Due to the strategic mistake of bundling the MC001 with Microsoft Windows 7 and the high price the MC001 was very badly sold. To increase sales, on 5 February 2013, Arctic announced their new partnership with OpenELEC. Arctic worked with OpenELEC together and combined a fully passive cooled entertainment system - the MC001 media centre (US and EU version) equipped with the latest XBMC 12 (OpenELEC 3.0) platform. Arctic and OpenELEC were planning on their next release, aimed to provide a more dedicated builds for the Arctic MC001 systems.
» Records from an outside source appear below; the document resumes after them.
(* Let $\mathcal N:\mathbb R^{n_0}\to\mathbb R^{n_L}$ be a random fully connected ReLU network as described in the context, let $\gamma:[0,1]\to\mathbb R^{n_0}$ be a smooth unit-speed curve and $M=\gamma([0,1])$ (so $M$ has unit length). Then for every $t\in[0,1]$ the Jacobian $J_{\gamma(t)}$ exists almost surely, and for every integer $m\ge1$, $$\mathbb E\big[\mathrm{len}(\mathcal N(M))^m\big]\le\int_0^1\mathbb E\big[\|J_{\gamma(t)}\gamma'(t)\|^m\big]\,dt.$$
   Context: Fix integers $L\ge1$ and $n_0,\dots,n_L\ge1$. The network $\mathcal N:\mathbb R^{n_0}\to\mathbb R^{n_L}$ with hidden widths $n_1,\dots,n_{L-1}$ is defined by $z^{(1)}(x)=W^{(1)}x+b^{(1)}$, $z^{(\ell)}(x)=W^{(\ell)}\,\mathrm{ReLU}(z^{(\ell-1)}(x))+b^{(\ell)}$ for $2\le\ell\le L$, and $\mathcal N(x)=z^{(L)}(x)$, where $\mathrm{ReLU}(t)=\max(t,0)$ is applied componentwise, $W^{(\ell)}$ is an $n_\ell\times n_{\ell-1}$ matrix and $b^{(\ell)}\in\mathbb R^{n_\ell}$. All entries of all $W^{(\ell)}$ and $b^{(\ell)}$ are independent centered Gaussian random variables with $\mathrm{Var}(W^{(\ell)}_{ij})=2/n_{\ell-1}$ for $1\le\ell\le L-1$, $\mathrm{Var}(W^{(L)}_{ij})=1/n_{L-1}$, and $\mathrm{Var}(b^{(\ell)}_j)=C_b$ for a fixed constant $C_b>0$. The input-output Jacobian at $x$ is $J_x=(\partial\mathcal N_i/\partial x_j(x))_{1\le i\le n_L,1\le j\le n_0}$ where it exists. $\mathrm{len}(\mathcal N(M)):=\int_0^1\|(\mathcal N\circ\gamma)'(t)\|\,dt$, the length of the Lipschitz path $\mathcal N\circ\gamma$. *)

theory Defs
  imports "HOL-Probability.Probability"
begin

text \<open>Parameters of the network are indexed by
  Inl (l, i, j) : entry W^(l)_{ij}  and  Inr (l, j) : entry b^(l)_j.
  Vectors in R^k are functions nat => real; only the coordinates < k matter.\<close>

type_synonym param_idx = "(nat \<times> nat \<times> nat) + (nat \<times> nat)"

definition relu :: "real \<Rightarrow> real" where
  "relu t = max t 0"

definition param_index :: "(nat \<Rightarrow> nat) \<Rightarrow> nat \<Rightarrow> param_idx set" where
  "param_index n L =
     {Inl (l, i, j) | l i j. 1 \<le> l \<and> l \<le> L \<and> i < n l \<and> j < n (l - 1)}
   \<union> {Inr (l, j) | l j. 1 \<le> l \<and> l \<le> L \<and> j < n l}"

definition param_var :: "(nat \<Rightarrow> nat) \<Rightarrow> nat \<Rightarrow> real \<Rightarrow> param_idx \<Rightarrow> real" where
  "param_var n L Cb p = (case p of
      Inl (l, i, j) \<Rightarrow> (if l \<le> L - 1 then 2 / real (n (l - 1)) else 1 / real (n (L - 1)))
    | Inr (l, j) \<Rightarrow> Cb)"
(* For each positive integer $k$ and each positive rational number $s$, there are only finitely many (isomorphism classes of) connected graphs $X$ with maximum valency at most $k$ for which there exist distinct vertices $a,b$ of $X$ such that the $s$-pair state $\mathbf e_a+s\mathbf e_b$ is periodic in $X$ with respect to the Hamiltonian $A$; the same holds with $A$ replaced by $L$, and with $A$ replaced by $Q$.
   Context: Graphs are simple, undirected, unweighted. $A$, $L=D-A$, $Q=D+A$ are the adjacency, Laplacian and signless Laplacian matrices. For a real symmetric Hamiltonian $M$, $U(t)=e^{-\mathrm{i}tM}$. A vector $\mathbf u$ is periodic (at time $\tau>0$) if $U(\tau)\mathbf u=\eta\mathbf u$ for some complex $\eta$ with $|\eta|=1$. For distinct vertices $a,b$ and nonzero $s$, the vector $\mathbf e_a+s\mathbf e_b$ is called an $s$-pair state. *)

theory Defs
  imports Complex_Main
begin

text \<open>A finite simple graph is represented by a vertex set V (of naturals; every finite
graph is isomorphic to one of this form) and a symmetric irreflexive edge relation E on V.\<close>

type_synonym graph = "nat set \<times> (nat \<Rightarrow> nat \<Rightarrow> bool)"

definition simple_graph :: "nat set \<Rightarrow> (nat \<Rightarrow> nat \<Rightarrow> bool) \<Rightarrow> bool" where
  "simple_graph V E \<longleftrightarrow> finite V \<and> (\<forall>x y. E x y \<longrightarrow> x \<in> V \<and> y \<in> V)
     \<and> (\<forall>x y. E x y \<longrightarrow> E y x) \<and> (\<forall>x. \<not> E x x)"

definition connected_graph :: "nat set \<Rightarrow> (nat \<Rightarrow> nat \<Rightarrow> bool) \<Rightarrow> bool" where
  "connected_graph V E \<longleftrightarrow> (\<forall>x\<in>V. \<forall>y\<in>V. E\<^sup>*\<^sup>* x y)"

definition degree :: "nat set \<Rightarrow> (nat \<Rightarrow> nat \<Rightarrow> bool) \<Rightarrow> nat \<Rightarrow> nat" where
  "degree V E v = card {u\<in>V. E v u}"

definition max_valency_le :: "nat set \<Rightarrow> (nat \<Rightarrow> nat \<Rightarrow> bool) \<Rightarrow> nat \<Rightarrow> bool" where
  "max_valency_le V E k \<longleftrightarrow> (\<forall>v\<in>V. degree V E v \<le> k)"

definition graph_iso :: "graph \<Rightarrow> graph \<Rightarrow> bool" where
  "graph_iso G H \<longleftrightarrow> (\<exists>f. bij_betw f (fst G) (fst H) \<and>
     (\<forall>x\<in>fst G. \<forall>y\<in>fst G. snd G x y \<longleftrightarrow> snd H (f x) (f y)))"

definition adj_mat :: "nat set \<Rightarrow> (nat \<Rightarrow> nat \<Rightarrow> bool) \<Rightarrow> nat \<Rightarrow> nat \<Rightarrow> complex" where
  "adj_mat V E i j = (if E i j then 1 else 0)"

definition deg_mat :: "nat set \<Rightarrow> (nat \<Rightarrow> nat \<Rightarrow> bool) \<Rightarrow> nat \<Rightarrow> nat \<Rightarrow> complex" where
  "deg_mat V E i j = (if i = j then of_nat (degree V E i) else 0)"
Shortly after their partnership with OpenELEC, the development of passively cooled media centers was abandoned.

==Dispute==
Arctic was reportedly planning to file a lawsuit against AMD for the infringement of its trademark "Fusion", the name that AMD used to describe its series of APUs which integrate x86 processing cores with Radeon stream processors on the same piece of silicon. In light of the lawsuit, AMD has announced earlier in 2012 its plans to drop its Fusion branding in favor of the Heterogeneous Systems Architecture (HSA). On 23 January 2013, Arctic announced that the company and AMD arrived at a mutual agreement in settling the "Fusion" trademark dispute without any disclosure of the terms.